Tiled matrix multiplication

Hello,

I would like to accelerate multiplication of matrices that are larger than can fit in VRAM, but can fit in normal RAM. I would like to eventually extend this to general tensor contractions as well, but for now I am sticking with matrix multiplications as a model problem.

Currently, I’ve implemented a tiled matrix multiplication using the high level CuArrays and some simple loops. It is nothing fancy, and relies on the tile size being an even divisor of the matrix size. I plan to wrap this function such that padding of an input matrix is performed automatically, but for now I would just like to focus on the simpler cases.

I am looking for suggestions on how to improve this code, or if I should start over with some kernel based approach. Also, is it possible to use multiple threads to initiate data transfers and tile multiplications so that I can more effectively saturate my GPU?
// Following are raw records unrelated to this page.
(* Let $N\ge1$, let the parameter space $\Theta$ of the correlated Bernoulli random graph model be nondegenerate, let $g:\Theta\to\mathbb{R}$, and let $S:\mathcal{X}\to\mathbb{R}$ be an unbiased estimator of $g(\theta)$ (i.e. $\mathbb{E}_\theta(S)=g(\theta)$ for all $\theta\in\Theta$). Then a statistic $T:\mathcal{X}\to\mathbb{R}$ is an unbiased estimator of $g(\theta)$ if and only if $\overline{T}=\overline{S}$. In particular, $\overline{S}$ is an unbiased estimator of $g(\theta)$.
   Context: Correlated Bernoulli random graph model: fix a positive integer $N$ and let $\mathcal{R}=\{(p_1,\dots,p_N,\varrho_1,\dots,\varrho_N): p_i,\varrho_i\in[0,1]\}$. A parameter space is any subset $\Theta\subseteq\mathcal{R}$. For $\theta\in\Theta$, the random vectors $X,Y\in\{0,1\}^N$ are such that the pairs $(X_i,Y_i)$ are independent across $i$; $X_i,Y_i$ are each marginally Bernoulli$(p_i)$ with Pearson correlation $\varrho_i$ (so $\mathbb{P}(X_i=Y_i=1)=p_i^2+\varrho_ip_i(1-p_i)$, $\mathbb{P}(X_i=Y_i=0)=(1-p_i)^2+\varrho_ip_i(1-p_i)$, $\mathbb{P}(X_i=1,Y_i=0)=\mathbb{P}(X_i=0,Y_i=1)=(1-\varrho_i)p_i(1-p_i)$). Sample space $\mathcal{X}=\{(x,y):x,y\in\{0,1\}^N\}$. Let $\mathcal{R}^o=\{(p_1,\dots,p_N,0,\dots,0):p_i\in\mathbb{R}\}$; $\Theta$ is nondegenerate if $\Theta\cap\mathcal{R}^o$ has an interior point relative to $\mathcal{R}^o$. The disagreement vector $\mathcal{H}:\mathcal{X}\to\{0,\star,1\}^N$ has $i$th component $1$ if $x_i=y_i=1$, $0$ if $x_i=y_i=0$, $\star$ if $x_i\neq y_i$; for $h\in\{0,\star,1\}^N$ the disagreement class is $\mathcal{X}_h=\mathcal{H}^{-1}(h)$. For a statistic $S:\mathcal{X}\to\mathbb{R}$, its balanced variant $\overline{S}:\mathcal{X}\to\mathbb{R}$ is defined by $\overline{S}(x,y)=\frac{1}{|\mathcal{X}_h|}\sum_{(x',y')\in\mathcal{X}_h}S(x',y')$ where $h=\mathcal{H}(x,y)$. *)

theory Defs
  imports Complex_Main
begin

text \<open>Index set {1..N} is modelled by a finite type 'n (so N = CARD('n) \<ge> 1).
  A sample point is (x, y) with x, y :: 'n \<Rightarrow> bool (True = 1, False = 0).\<close>

type_synonym 'n param = "('n \<Rightarrow> real) \<times> ('n \<Rightarrow> real)"
type_synonym 'n sample = "('n \<Rightarrow> bool) \<times> ('n \<Rightarrow> bool)"

definition param_space_R :: "'n param set" where
  "param_space_R = {(p, r). \<forall>i. 0 \<le> p i \<and> p i \<le> 1 \<and> 0 \<le> r i \<and> r i \<le> 1}"

text \<open>Nondegenerate: Theta intersected with R^o = {(p,0) : p \<in> R^N} has a relative interior point.\<close>
definition nondegenerate :: "'n param set \<Rightarrow> bool" where
  "nondegenerate \<Theta> \<longleftrightarrow>
     (\<exists>p0 (e::real). e > 0 \<and>
        (\<forall>p. (\<forall>i. \<bar>p i - p0 i\<bar> < e) \<longrightarrow> (p, (\<lambda>_. 0)) \<in> \<Theta>))"

definition cell_prob :: "real \<Rightarrow> real \<Rightarrow> bool \<Rightarrow> bool \<Rightarrow> real" where
  "cell_prob p r a b =
     (if a \<and> b then p\<^sup>2 + r * p * (1 - p)
      else if \<not> a \<and> \<not> b then (1 - p)\<^sup>2 + r * p * (1 - p)
      else (1 - r) * p * (1 - p))"

definition prob_pt :: "'n::finite param \<Rightarrow> 'n sample \<Rightarrow> real" where
  "prob_pt \<theta> z = (\<Prod>i\<in>UNIV. cell_prob (fst \<theta> i) (snd \<theta> i) (fst z i) (snd z i))"

definition expect :: "'n::finite param \<Rightarrow> ('n sample \<Rightarrow> real) \<Rightarrow> real" where
  "expect \<theta> S = (\<Sum>z\<in>UNIV. prob_pt \<theta> z * S z)"

definition unbiased :: "'n::finite param set \<Rightarrow> ('n param \<Rightarrow> real) \<Rightarrow> ('n sample \<Rightarrow> real) \<Rightarrow> bool" where
  "unbiased \<Theta> g S \<longleftrightarrow> (\<forall>\<theta>\<in>\<Theta>. expect \<theta> S = g \<theta>)"

datatype dis = D0 | DStar | D1

definition disagreement :: "'n sample \<Rightarrow> ('n \<Rightarrow> dis)" where
  "disagreement z = (\<lambda>i. if fst z i \<and> snd z i then D1
                         else if \<not> fst z i \<and> \<not> snd z i then D0 else DStar)"

definition dis_class :: "('n \<Rightarrow> dis) \<Rightarrow> 'n sample set" where
  "dis_class h = {z. disagreement z = h}"

definition balanced :: "('n::finite sample \<Rightarrow> real) \<Rightarrow> 'n sample \<Rightarrow> real" where
  "balanced S z = (\<Sum>z'\<in>dis_class (disagreement z). S z') / real (card (dis_class (disagreement z)))"

end

theory Submission
  imports Defs "HOL-Computational_Algebra.Polynomial" "HOL-Library.FuncSet"
begin

text \<open>The probability of a sample point depends only on its disagreement vector h, so
  E(T) is a linear combination of the class sums of T, with weights that are products over
  the coordinates of one-cell probabilities. Since the balanced variant of T is constant on
  each class with the same class sum, balanced T = balanced S says exactly that T and S have
  the same class sums, which gives the easy direction. Conversely, on the uncorrelated slice
  \<rho> = 0 the one-cell weights (1 - p)^2, p(1 - p), p^2 are linearly independent
  polynomials in p, hence their tensor products are linearly independent on any open box;
  nondegeneracy supplies such a box, so two unbiased estimators have the same class sums.\<close>

lemma poly_eq_0_if_vanishes_on_interval:
  fixes q :: "real poly"
  assumes "a < b" and "\<And>x. x \<in> {a<..<b} \<Longrightarrow> poly q x = 0"
  shows "q = 0"
proof (rule ccontr)
  assume "q \<noteq> 0"
  then have "finite {x. poly q x = 0}" by (rule poly_roots_finite)
  moreover have "{a<..<b} \<subseteq> {x. poly q x = 0}" using assms(2) by blast
  ultimately show False using \<open>a < b\<close> infinite_Ioo finite_subset by metis
qed

lemma UNIV_dis: "UNIV = {D0, DStar, D1}"
  using dis.exhaust by auto

instance dis :: finite
  by standard (simp add: UNIV_dis)

definition cell_weight :: "real \<Rightarrow> real \<Rightarrow> dis \<Rightarrow> real" where
  "cell_weight p r v = (case v of
       D1 \<Rightarrow> p\<^sup>2 + r * p * (1 - p)
     | D0 \<Rightarrow> (1 - p)\<^sup>2 + r * p * (1 - p)
     | DStar \<Rightarrow> (1 - r) * p * (1 - p))"

lemma uncorrelated_cell_weights_independent:
  assumes "e > 0"
    and vanish: "\<And>x. \<bar>x - x0\<bar> < e \<Longrightarrow> (\<Sum>v\<in>UNIV. a v * cell_weight x 0 v) = 0"
  shows "a v = 0"
proof -
  \<comment> \<open>\<open>?q\<close> is \<open>\<lambda>x. \<Sum>v. a v * cell_weight x 0 v\<close> written in the monomial basis.\<close>
  let ?q = "[:a D0, a DStar - 2 * a D0, a D0 - a DStar + a D1:]"
  have q_vanishes: "poly ?q x = 0" if "x \<in> {x0 - e<..<x0 + e}" for x
  proof -
    have "\<bar>x - x0\<bar> < e" using that by auto
    from vanish[OF this] show ?thesis
      by (simp add: UNIV_dis cell_weight_def algebra_simps power2_eq_square)
  qed
  have "?q = 0"
    using \<open>e > 0\<close> by (intro poly_eq_0_if_vanishes_on_interval[OF _ q_vanishes]) auto
  then show ?thesis by (cases v) auto
qed

lemma tensor_products_independent_on_box:
  fixes f :: "'v \<Rightarrow> real \<Rightarrow> real" and c :: "('i \<Rightarrow> 'v) \<Rightarrow> real"
  assumes indep: "\<And>a t. (\<And>x. \<bar>x - t\<bar> < e \<Longrightarrow> (\<Sum>v\<in>V. a v * f v x) = 0) \<Longrightarrow> \<forall>v\<in>V. a v = 0"
    and "finite I"
    and "\<And>p. \<forall>i\<in>I. \<bar>p i - p0 i\<bar> < e \<Longrightarrow> (\<Sum>h\<in>PiE I (\<lambda>_. V). c h * (\<Prod>i\<in>I. f (h i) (p i))) = 0"
  shows "\<forall>h\<in>PiE I (\<lambda>_. V). c h = 0"
  using \<open>finite I\<close> assms(3)
proof (induction I arbitrary: c rule: finite_induct)
  case empty
  then show ?case by simp
next
  case (insert j I)
  define A where "A v p = (\<Sum>h\<in>PiE I (\<lambda>_. V). c (h(j := v)) * (\<Prod>i\<in>I. f (h i) (p i)))" for v p
  have split_off_j: "(\<Sum>h\<in>PiE (insert j I) (\<lambda>_. V). c h * (\<Prod>i\<in>insert j I. f (h i) (p i)))
      = (\<Sum>v\<in>V. A v p * f v (p j))" for p
  proof -
    have factor: "(\<Prod>i\<in>insert j I. f ((h(j := v)) i) (p i)) = f v (p j) * (\<Prod>i\<in>I. f (h i) (p i))"
      for h v
    proof -
      have "(\<Prod>i\<in>I. f ((h(j := v)) i) (p i)) = (\<Prod>i\<in>I. f (h i) (p i))"
        using insert.hyps(2) by (intro prod.cong) auto
      then show ?thesis using insert.hyps by simp
    qed
    have "(\<Sum>h\<in>PiE (insert j I) (\<lambda>_. V). c h * (\<Prod>i\<in>insert j I. f (h i) (p i)))
        = (\<Sum>(v, h)\<in>V \<times> PiE I (\<lambda>_. V). c (h(j := v)) * (\<Prod>i\<in>insert j I. f ((h(j := v)) i) (p i)))"
      unfolding PiE_insert_eq by (subst sum.reindex[OF inj_combinator[OF insert.hyps(2)]]) (simp add: case_prod_beta')
    also have "\<dots> = (\<Sum>v\<in>V. \<Sum>h\<in>PiE I (\<lambda>_. V). c (h(j := v)) * (\<Prod>i\<in>insert j I. f ((h(j := v)) i) (p i)))"
      by (rule sum.cartesian_product[symmetric])
    also have "\<dots> = (\<Sum>v\<in>V. A v p * f v (p j))"
      unfolding A_def factor by (simp add: sum_distrib_left mult_ac)
    finally show ?thesis .
  qed
  have A_zero: "A v p = 0" if p: "\<forall>i\<in>I. \<bar>p i - p0 i\<bar> < e" and "v \<in> V" for v p
  proof -
    have "(\<Sum>v\<in>V. A v p * f v x) = 0" if "\<bar>x - p0 j\<bar> < e" for x
    proof -
      have "A v (p(j := x)) = A v p" for v
        unfolding A_def using insert.hyps(2) by (intro sum.cong refl arg_cong2[where f = "(*)"] prod.cong) auto
      moreover have "\<forall>i\<in>insert j I. \<bar>(p(j := x)) i - p0 i\<bar> < e" using p that by auto
      ultimately show ?thesis using insert.prems split_off_j[of "p(j := x)"] by simp
    qed
    then have "\<forall>v\<in>V. A v p = 0" by (rule indep)
    with \<open>v \<in> V\<close> show ?thesis by blast
  qed
  show ?case
  proof
    fix h assume h: "h \<in> PiE (insert j I) (\<lambda>_. V)"
    define v where "v = h j"
    have "v \<in> V" unfolding v_def using h by (rule PiE_mem) simp
    have "h(j := undefined) \<in> PiE I (\<lambda>_. V)" using insert.hyps(2) h by (rule fun_upd_in_PiE)
    moreover have "\<forall>h'\<in>PiE I (\<lambda>_. V). c (h'(j := v)) = 0"
      using A_zero[OF _ \<open>v \<in> V\<close>] unfolding A_def by (rule insert.IH)
    moreover have "h = (h(j := undefined))(j := v)" unfolding v_def by simp
    ultimately show "c h = 0" by metis
  qed
qed

definition class_point_prob :: "'n::finite param \<Rightarrow> ('n \<Rightarrow> dis) \<Rightarrow> real" where
  "class_point_prob \<theta> h = (\<Prod>i\<in>UNIV. cell_weight (fst \<theta> i) (snd \<theta> i) (h i))"

definition class_sum :: "('n::finite sample \<Rightarrow> real) \<Rightarrow> ('n \<Rightarrow> dis) \<Rightarrow> real" where
  "class_sum T h = sum T (dis_class h)"

lemma prob_pt_eq_class_point_prob: "prob_pt \<theta> z = class_point_prob \<theta> (disagreement z)"
proof -
  have "cell_prob p r a b = cell_weight p r (if a \<and> b then D1 else if \<not> a \<and> \<not> b then D0 else DStar)"
    for p r a b
    by (cases a; cases b) (simp_all add: cell_prob_def cell_weight_def)
  then show ?thesis
    unfolding prob_pt_def class_point_prob_def disagreement_def by simp
qed

lemma expect_eq_sum_class_sum: "expect \<theta> T = (\<Sum>h\<in>UNIV. class_point_prob \<theta> h * class_sum T h)"
proof -
  have "expect \<theta> T = (\<Sum>z\<in>UNIV. class_point_prob \<theta> (disagreement z) * T z)"
    unfolding expect_def prob_pt_eq_class_point_prob ..
  also have "\<dots> = (\<Sum>h\<in>UNIV. \<Sum>z\<in>{z\<in>UNIV. disagreement z = h}. class_point_prob \<theta> (disagreement z) * T z)"
    by (rule sum.group[symmetric]) auto
  also have "\<dots> = (\<Sum>h\<in>UNIV. class_point_prob \<theta> h * class_sum T h)"
    unfolding class_sum_def dis_class_def by (simp add: sum_distrib_left)
  finally show ?thesis .
qed

lemma dis_class_nonempty: "dis_class h \<noteq> {}"
proof -
  have "disagreement ((\<lambda>i. h i \<noteq> D0), (\<lambda>i. h i = D1)) = h"
    by (rule ext, rename_tac i, case_tac "h i") (simp_all add: disagreement_def)
  then show ?thesis unfolding dis_class_def by blast
qed

lemma balanced_eq_iff_class_sum_eq:
  fixes T S :: "'n::finite sample \<Rightarrow> real"
  shows "balanced T = balanced S \<longleftrightarrow> class_sum T = class_sum S"
proof
  assume eq: "balanced T = balanced S"
  show "class_sum T = class_sum S"
  proof
    fix h :: "'n \<Rightarrow> dis"
    obtain z where z: "disagreement z = h" using dis_class_nonempty[of h] by (auto simp: dis_class_def)
    have "balanced T z = balanced S z" using eq by simp
    then show "class_sum T h = class_sum S h"
      using dis_class_nonempty[of h] unfolding balanced_def class_sum_def z by simp
  qed
qed (simp add: balanced_def class_sum_def fun_eq_iff)

lemma class_sum_balanced: "class_sum (balanced S) = class_sum S"
proof
  fix h
  have "class_sum (balanced S) h = (\<Sum>z\<in>dis_class h. class_sum S h / card (dis_class h))"
    unfolding class_sum_def balanced_def by (intro sum.cong) (auto simp: dis_class_def)
  also have "\<dots> = class_sum S h" using dis_class_nonempty[of h] by simp
  finally show "class_sum (balanced S) h = class_sum S h" .
qed

lemma class_sum_eq_if_unbiased:
  assumes "nondegenerate \<Theta>" and "unbiased \<Theta> g S" and "unbiased \<Theta> g T"
  shows "class_sum T = class_sum S"
proof -
  obtain p0 and e :: real where "e > 0"
    and box: "\<And>p. \<forall>i. \<bar>p i - p0 i\<bar> < e \<Longrightarrow> (p, \<lambda>_. 0) \<in> \<Theta>"
    using assms(1) unfolding nondegenerate_def by blast
  let ?c = "\<lambda>h. class_sum T h - class_sum S h"
  have vanish: "(\<Sum>h\<in>PiE UNIV (\<lambda>_. UNIV). ?c h * (\<Prod>i\<in>UNIV. cell_weight (p i) 0 (h i))) = 0"
    if "\<forall>i\<in>UNIV. \<bar>p i - p0 i\<bar> < e" for p
  proof -
    have "expect (p, \<lambda>_. 0) T = expect (p, \<lambda>_. 0) S"
      using assms(2,3) box that unfolding unbiased_def by simp
    then show ?thesis
      by (simp add: expect_eq_sum_class_sum class_point_prob_def left_diff_distrib sum_subtractf mult.commute)
  qed
  have indep: "\<forall>v\<in>UNIV. a v = 0"
    if "\<And>x. \<bar>x - t\<bar> < e \<Longrightarrow> (\<Sum>v\<in>UNIV. a v * cell_weight x 0 v) = 0" for a t
    using uncorrelated_cell_weights_independent[OF \<open>e > 0\<close> that] by blast
  have "\<forall>h\<in>PiE UNIV (\<lambda>_. UNIV). ?c h = 0"
    by (rule tensor_products_independent_on_box[OF indep finite vanish])
  then show ?thesis by (simp add: fun_eq_iff)
qed

theorem theorem2:
  fixes \<Theta> :: "('n::finite) param set"
    and g :: "'n param \<Rightarrow> real"
    and S :: "'n sample \<Rightarrow> real"
  assumes "\<Theta> \<subseteq> param_space_R"
    and "nondegenerate \<Theta>"
    and "unbiased \<Theta> g S"
  shows "(\<forall>T :: 'n sample \<Rightarrow> real. unbiased \<Theta> g T \<longleftrightarrow> balanced T = balanced S)
         \<and> unbiased \<Theta> g (balanced S)"
proof -
  have "unbiased \<Theta> g T \<longleftrightarrow> balanced T = balanced S" for T
  proof
    assume "unbiased \<Theta> g T"
    with assms(2,3) have "class_sum T = class_sum S" by (rule class_sum_eq_if_unbiased)
    then show "balanced T = balanced S" by (simp only: balanced_eq_iff_class_sum_eq)
  next
    assume "balanced T = balanced S"
    then have "class_sum T = class_sum S" by (simp only: balanced_eq_iff_class_sum_eq)
    with assms(3) show "unbiased \<Theta> g T" by (simp add: unbiased_def expect_eq_sum_class_sum)
  qed
  moreover have "balanced (balanced S) = balanced S"
    by (simp only: balanced_eq_iff_class_sum_eq class_sum_balanced)
  ultimately show ?thesis by blast
qed

end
using CuArrays, CUDAdrv, LinearAlgebra
function GSGEMM!(C,A,B,blocksize=1024)
    C .= zero(Float32)
    m = size(A,1)
    k = size(A,2)
    n = size(B,2)
    device = CuDevice(0)
    mem = CUDAdrv.totalmem(device)
    minMem = 3*blocksize*blocksize*4
    temp = CuArrays.zeros(blocksize,blocksize)
    @inbounds @fastmath for K=1:blocksize:k
        for i=1:blocksize:m
            if CUDAdrv.available_memory() < minMem
                GC.gc()
            end
            @views _A = CuArray(A[i:i+blocksize-1,K:K+blocksize-1])
            for j=1:blocksize:n
                @views _B = CuArray(B[K:K+blocksize-1,j:j+blocksize-1])
                mul!(temp,_A,_B)
                C[i:i+blocksize-1,j:j+blocksize-1] .+= Array(temp)
            end
        end
    end
end

@kslimes has some experience with this.

For anyone coming across this thread, I’ve improved the code somewhat with the following modifications. 9s -> 6s on my machine GPU, vs 26s CPU mul!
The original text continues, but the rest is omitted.